It was so different when I was a child.
Happiness was so easy. It wasn’t that there was no pain or no fear. In fact, I was very shy and insecure. But I FELT life so much more…so much more intensely.
If a put a standard, a template to measure life — then of course I am better off than I was then. More money, more luxury, more friends.
But I feel that my insides are blunted. Pain doesn’t hurt that much. And there isn’t so much pain any more. But joy feels so dull too.
I was too sensitive towards life. I was affected by it far too easily. But there was an unsaid depth to it. I don’t know if anyone else felt it like I did. But life was special. I did not have to philosophise about it. I didn’t have to ‘figure’ things out.
I was vulnerable — but that’s exactly what made me feel so much more alive
I think people and society unnecessarily attach too much importance on things like pleasure as opposed to pain.
I think that the only inherent purpose to life is to experience it. After all it is because we experience that we know we are alive.
All other ‘purposes’ which philosophers, scientists and people attach to it are mere interpretations.
Experiences — wild, varied, ever changing, sometimes positive, sometimes negative, sometimes calming, sometimes overwhelming.
Everything has its place.
But now I just don’t feel it.
Maybe I got stuck in my pain and my anger for too long.
Of course it hurt.
Now it doesn’t.
But is it because now I am numb?
I don’t know.
When I passed out from school, my psychology teacher wrote that I should always cling on to my innocence.
I was a child who talked freely about sex (in all its variations) and liberation back when we weren’t allowed to. When it still wasn’t cool to think on your own.

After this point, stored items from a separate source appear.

lemma klplus_small_imp_far:
  assumes "0 \<le> \<mu>a" "\<mu>a < m" "m < 1" and \<theta>: "\<theta> < kl_real m \<mu>a"
  shows "\<exists>r>0. \<forall>x\<in>{0..1}. klplus x m < ereal \<theta> \<longrightarrow> r \<le> \<bar>x - \<mu>a\<bar>"
proof -
  have m: "0 < m" "m < 1" using assms by auto
  have "\<mu>a \<in> {0..<1}" "kl_real m \<mu>a - \<theta> > 0" using assms by auto
  with continuous_on_kl_real[OF m] obtain \<delta> where \<delta>: "\<delta> > 0"
    and near: "\<And>x. x \<in> {0..<1} \<Longrightarrow> dist x \<mu>a < \<delta> \<Longrightarrow> dist (kl_real m x) (kl_real m \<mu>a) < kl_real m \<mu>a - \<theta>"
    unfolding continuous_on_iff by blast
  define r where "r = min \<delta> (m - \<mu>a)"
  have "r > 0" using \<delta> assms by (simp add: r_def)
  moreover have "r \<le> \<bar>x - \<mu>a\<bar>" if x: "x \<in> {0..1}" "klplus x m < ereal \<theta>" for x
  proof (rule ccontr)
    assume "\<not> r \<le> \<bar>x - \<mu>a\<bar>"
    then have close: "\<bar>x - \<mu>a\<bar> < \<delta>" "x < m" by (auto simp: r_def)
    then have "kl_real m x > \<theta>"
      using near[of x] x m by (auto simp: dist_real_def)
    moreover have "klplus x m = ereal (kl_real m x)"
      using close x m by (simp add: klplus_def kl_eq_kl_real)
    ultimately show False using x by simp
  qed
  ultimately show ?thesis by blast
qed

lemma (in prob_space) emp_mean_deviation_bound:
  assumes meas: "\<And>s. s \<ge> 1 \<Longrightarrow> X s \<in> borel_measurable M"
    and indep: "indep_vars (\<lambda>_. borel) X {1..}"
    and ident: "\<And>s. s \<ge> 1 \<Longrightarrow> distr M borel (X s) = distr M borel (X 1)"
    and bounded: "\<And>s \<omega>. s \<ge> 1 \<Longrightarrow> \<omega> \<in> space M \<Longrightarrow> X s \<omega> \<in> {0..1}"
    and s: "s \<ge> 1" and r: "r > 0"
  shows "emeasure M {\<omega> \<in> space M. r \<le> \<bar>emp_mean X s \<omega> - expectation (X 1)\<bar>}
           \<le> ennreal (2 * exp (- 2 * r\<^sup>2 * real s))"
proof -
  interpret H: Hoeffding_ineq_iid M "{1..s}" X "X 1" 0 1 "expectation (X 1)"
  proof unfold_locales
    show "indep_vars (\<lambda>_. borel) X {1..s}"
      by (rule indep_vars_subset[OF indep]) auto
    show "\<And>i. i \<in> {1..s} \<Longrightarrow> distr M borel (X i) = distr M borel (X 1)"
      by (rule ident) simp
    show "random_variable borel (X 1)" using meas[of 1] by simp
    show "AE x in M. X 1 x \<in> {0..1}" by (rule AE_I2) (use bounded in auto)
  qed simp_all
  have "prob {\<omega> \<in> space M. r \<le> \<bar>(\<Sum>i\<in>{1..s}. X i \<omega>) / real (card {1..s}) - expectation (X 1)\<bar>}
          \<le> 2 * exp (-2 * real (card {1..s}) * r\<^sup>2 / (1 - 0)\<^sup>2)"
    by (rule H.Hoeffding_ineq_abs_ge') (use r s in auto)
  then have "prob {\<omega> \<in> space M. r \<le> \<bar>emp_mean X s \<omega> - expectation (X 1)\<bar>}
               \<le> 2 * exp (- 2 * r\<^sup>2 * real s)"
    by (simp add: emp_mean_def mult_ac)
  then show ?thesis by (simp add: emeasure_eq_measure ennreal_leI)
qed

I was a little surprised she called me innocent, but somewhere I knew what she meant.
Innocent doesn’t really mean ignorant or naive to me.
It means being a special kind of Honest.
Not in the Abraham Lincoln/Gandhian sense in which you don’t lie to others for your own benefit or when lies are needed.
Innocence means being Honest with YOURSELF.
I am 19 now, and I fear that I am slowly ‘growing up’.
I don’t want to.
I always want to feel as honestly as I did when I was a child.
I am afraid.
And I am not lonely. But I am alone in this, for no one can help me.
I am desperately trying to find my way out, and sometimes I don’t even realise the desperation.